Try it
Of all the entries below, only the lines from the one with "(fst (sweep P" up to and including the one with "using is_phi_reachable_bnd_out_iff[OF block" are to be duplicated exactly.

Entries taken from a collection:
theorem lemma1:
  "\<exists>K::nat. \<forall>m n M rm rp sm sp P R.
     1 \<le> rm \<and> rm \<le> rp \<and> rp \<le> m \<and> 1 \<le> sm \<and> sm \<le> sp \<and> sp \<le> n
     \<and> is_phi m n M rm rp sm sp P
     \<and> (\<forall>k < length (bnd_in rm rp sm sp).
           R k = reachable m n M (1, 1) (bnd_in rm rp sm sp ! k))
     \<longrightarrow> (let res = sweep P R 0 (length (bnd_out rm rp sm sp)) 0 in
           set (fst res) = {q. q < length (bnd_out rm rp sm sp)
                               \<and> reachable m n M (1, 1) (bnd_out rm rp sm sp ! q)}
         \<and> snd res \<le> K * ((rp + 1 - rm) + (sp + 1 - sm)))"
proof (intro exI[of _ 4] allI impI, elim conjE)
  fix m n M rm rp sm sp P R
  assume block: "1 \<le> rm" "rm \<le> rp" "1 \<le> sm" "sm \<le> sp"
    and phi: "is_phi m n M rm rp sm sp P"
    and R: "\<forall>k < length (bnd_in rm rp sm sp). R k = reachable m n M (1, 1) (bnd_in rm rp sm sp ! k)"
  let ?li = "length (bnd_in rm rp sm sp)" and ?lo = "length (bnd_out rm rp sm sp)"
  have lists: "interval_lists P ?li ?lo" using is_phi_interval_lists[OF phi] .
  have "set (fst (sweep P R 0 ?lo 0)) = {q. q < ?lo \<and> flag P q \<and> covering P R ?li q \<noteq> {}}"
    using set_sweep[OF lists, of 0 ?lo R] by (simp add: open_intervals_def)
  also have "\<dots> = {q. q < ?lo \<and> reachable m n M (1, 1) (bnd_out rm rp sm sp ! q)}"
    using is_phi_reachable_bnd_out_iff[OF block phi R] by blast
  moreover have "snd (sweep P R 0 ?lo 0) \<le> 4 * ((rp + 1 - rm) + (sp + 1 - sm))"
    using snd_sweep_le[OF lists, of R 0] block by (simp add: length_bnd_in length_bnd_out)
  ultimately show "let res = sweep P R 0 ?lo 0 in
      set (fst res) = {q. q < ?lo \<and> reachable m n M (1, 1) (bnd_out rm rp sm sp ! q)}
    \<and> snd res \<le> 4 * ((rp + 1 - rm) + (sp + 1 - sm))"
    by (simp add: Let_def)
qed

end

Answer box
  have "set (fst (sweep P R 0 ?lo 0)) = {q. q < ?lo \<and> flag P q \<and> covering P R ?li q \<noteq> {}}"
    using set_sweep[OF lists, of 0 ?lo R] by (simp add: open_intervals_def)
  also have "\<dots> = {q. q < ?lo \<and> reachable m n M (1, 1) (bnd_out rm rp sm sp ! q)}"
    using is_phi_reachable_bnd_out_iff[OF block phi R] by blast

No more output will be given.